For the records below, give the number of lines containing the word "limit" and no other text.

Collected data entries
════════════════
(* Let $n\ge1$, $R>0$, $\gamma\in(0,1)$, $\beta=\frac{2}{2-\gamma}$, and let $U\in C^2((R,\infty))$, positive on $(R,\infty)$, with $U,U'$ extending continuously to $r=R$, solve $$U''+\Big(\frac{n-1}{r}+\frac r2\Big)U'-\frac\beta2U=\gamma U^{\gamma-1}\ \text{ in }(R,\infty),\qquad U(R)=U'(R)=0.$$ Then $U>0$ and $U'>0$ in $(R,\infty)$, $(U^{1/\beta})'(R)=\frac{\sqrt2}{\beta}$ (as a right derivative, i.e. $\lim_{r\downarrow R}U^{1/\beta}(r)/(r-R)=\sqrt2/\beta$), and $\lim_{r\to\infty}U(r)/r^\beta=c$ for some $c>0$. *)

theory Defs
  imports "HOL-Analysis.Analysis"
begin

end

theory Submission
  imports Defs "HOL-Real_Asymp.Real_Asymp"
begin

(*
  At a zero of U' the equation gives U'' = \<gamma> U^(\<gamma>-1) + \<beta>/2 U > 0, so U' can never return to 0
  once it is positive; and it is positive somewhere near R because U rises from 0.

  Near R the energy U'^2/2 - U^\<gamma> - \<beta>/4 U^2 vanishes in the limit and has derivative
  -drift(r) U'^2 with drift(r) = (n-1)/r + r/2 bounded. Since U'' > 0 near R (there U^(\<gamma>-1) blows up),
  U' is increasing and the energy is O((r - R) U'^2). Hence U'^2/U^\<gamma> tends to 2, i.e. the
  derivative U^(-\<gamma>/2) U'/\<beta> of U^(1/\<beta>) tends to sqrt 2/\<beta>, and l'Hopital gives the slope.

  At infinity we follow W = r U' - \<beta> U, for which (U/r^\<beta>)' = W/r^(\<beta>+1) and
  W' = r \<gamma> U^(\<gamma>-1) - (n-2+\<beta>) U' - r W/2. The damping term -r W/2 first bounds W from
  above, whence U = O(r^\<beta>) and U' = O(r^(\<beta>-1)), and then from below by -L r^(\<beta>-2).
  So U/r^\<beta> - L/(2 r^2) is nondecreasing and bounded; it converges, and choosing L small
  compared to U(r1) r1^(2-\<beta>) at the starting point r1 makes the limit positive.
*)

lemma exists_first_zero:
  fixes h :: "real \<Rightarrow> real"
  assumes cont: "continuous_on {a..x} h" and "a \<le> x" "h a > 0" "h x \<le> 0"
  obtains t where "a < t" "t \<le> x" "h t = 0" "\<And>y. a \<le> y \<Longrightarrow> y < t \<Longrightarrow> h y > 0"
proof -
  define Z where "Z = {y \<in> {a..x}. h y \<le> 0}"
  have "closed Z"
    unfolding Z_def by (rule continuous_on_closed_Collect_le[OF cont continuous_on_const]) simp
  moreover have "x \<in> Z" "bdd_below Z"
    using assms by (auto simp: Z_def bdd_below_def)
  ultimately have "Inf Z \<in> Z" using closed_contains_Inf by blast
  define t where "t = Inf Z"
  have ht: "h t \<le> 0" "a \<le> t" "t \<le> x"
    using \<open>Inf Z \<in> Z\<close> by (auto simp: Z_def t_def)
  with \<open>h a > 0\<close> have "a < t" by (cases "a = t") auto
  have before: "h y > 0" if "a \<le> y" "y < t" for y
  proof (rule ccontr)
    assume "\<not> h y > 0"
    with that ht have "y \<in> Z" by (auto simp: Z_def)
    with \<open>bdd_below Z\<close> have "t \<le> y" unfolding t_def by (simp add: cInf_lower)
    with \<open>y < t\<close> show False by simp
  qed
  have "h t = 0"
  proof (rule ccontr)
    assume "h t \<noteq> 0"
    with ht have "h t < 0" by simp
    have "continuous_on {a..t} h"
      using cont ht by (auto intro: continuous_on_subset)
    then obtain y where "a \<le> y" "y \<le> t" "h y = 0"
      using IVT2'[of h t 0 a] \<open>h t < 0\<close> \<open>h a > 0\<close> \<open>a < t\<close> by force
    with before \<open>h t < 0\<close> show False by (cases "y = t") fastforce+
  qed
  with \<open>a < t\<close> ht before that show ?thesis by blast
qed

lemma pos_if_DERIV_pos_at_zeros:
  fixes h h' :: "real \<Rightarrow> real"
  assumes deriv: "\<And>x. x \<ge> a \<Longrightarrow> (h has_real_derivative h' x) (at x)"
    and start: "h a > 0"
    and zeros: "\<And>x. x > a \<Longrightarrow> h x = 0 \<Longrightarrow> h' x > 0"
    and "x \<ge> a"
  shows "h x > 0"
proof (rule ccontr)
  assume "\<not> h x > 0"
  have "continuous_on {a..x} h"
    using deriv by (meson DERIV_atLeastAtMost_imp_continuous_on atLeastAtMost_iff)
  then obtain t where t: "a < t" "h t = 0" and before: "\<And>y. a \<le> y \<Longrightarrow> y < t \<Longrightarrow> h y > 0"
    using exists_first_zero \<open>x \<ge> a\<close> start \<open>\<not> h x > 0\<close> by (metis not_less)
  with zeros have "h' t > 0" by simp
  then obtain d where d: "d > 0" "\<And>e. e > 0 \<Longrightarrow> e < d \<Longrightarrow> h (t - e) < h t"
    using DERIV_pos_inc_left[OF deriv] t by (meson less_imp_le)
  define e where "e = min (d / 2) ((t - a) / 2)"
  have "e > 0" "e < d" "a \<le> t - e"
    using d \<open>a < t\<close> by (auto simp: e_def min_def field_simps)
  with d t before[of "t - e"] show False by fastforce
qed

lemma exists_DERIV_pos_if_tendsto_0_at_right:
  fixes f f' :: "real \<Rightarrow> real"
  assumes deriv: "\<And>x. x > a \<Longrightarrow> (f has_real_derivative f' x) (at x)"
    and lim: "(f \<longlongrightarrow> 0) (at_right a)"
    and pos: "\<And>x. x > a \<Longrightarrow> f x > 0"
    and "a < b"
  shows "\<exists>s. a < s \<and> s < b \<and> f' s > 0"
proof (rule ccontr)
  assume nonpos: "\<nexists>s. a < s \<and> s < b \<and> f' s > 0"
  define t where "t = (a + b) / 2"
  have t: "a < t" "t < b" using \<open>a < b\<close> by (auto simp: t_def)
  have "eventually (\<lambda>s. f t \<le> f s) (at_right a)"
  proof (rule eventually_at_rightI)
    fix s assume s: "s \<in> {a<..<t}"
    show "f t \<le> f s"
    proof (rule DERIV_nonpos_imp_nonincreasing[of s t f])
      fix x assume "s \<le> x" "x \<le> t"
      with s t have "a < x" "x < b" by auto
      with deriv nonpos show "\<exists>y. DERIV f x :> y \<and> y \<le> 0" by (meson not_less)
    qed (use s in simp)
  qed (use t in simp)
  with lim have "f t \<le> 0" by (intro tendsto_lowerbound) auto
  with pos t show False by force
qed

lemma abs_le_DERIV_bound_at_right:
  fixes F F' :: "real \<Rightarrow> real"
  assumes lim: "(F \<longlongrightarrow> 0) (at_right a)" and "a < r"
    and deriv: "\<And>x. a < x \<Longrightarrow> x \<le> r \<Longrightarrow> (F has_real_derivative F' x) (at x)"
    and bound: "\<And>x. a < x \<Longrightarrow> x < r \<Longrightarrow> \<bar>F' x\<bar> \<le> B"
  shows "\<bar>F r\<bar> \<le> B * (r - a)"
proof -
  have "B \<ge> 0" using bound[of "(a + r) / 2"] \<open>a < r\<close> by simp
  have "eventually (\<lambda>s. \<bar>F r - F s\<bar> \<le> B * (r - a)) (at_right a)"
  proof (rule eventually_at_rightI)
    fix s assume s: "s \<in> {a<..<r}"
    obtain z where z: "s < z" "z < r" "F r - F s = (r - s) * F' z"
      using MVT2[of s r F F'] s deriv by force
    have "\<bar>F r - F s\<bar> \<le> (r - s) * B"
      using z s bound[of z] by (simp add: abs_mult mult_left_mono)
    also have "\<dots> \<le> B * (r - a)"
      using s \<open>B \<ge> 0\<close> by (simp add: mult.commute mult_left_mono)
    finally show "\<bar>F r - F s\<bar> \<le> B * (r - a)" .
  qed (use \<open>a < r\<close> in simp)
  moreover have "((\<lambda>s. \<bar>F r - F s\<bar>) \<longlongrightarrow> \<bar>F r - 0\<bar>) (at_right a)"
    by (intro tendsto_intros lim)
  ultimately show ?thesis by (simp add: tendsto_upperbound)
qed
════════════════
• [Solution to this problem] 2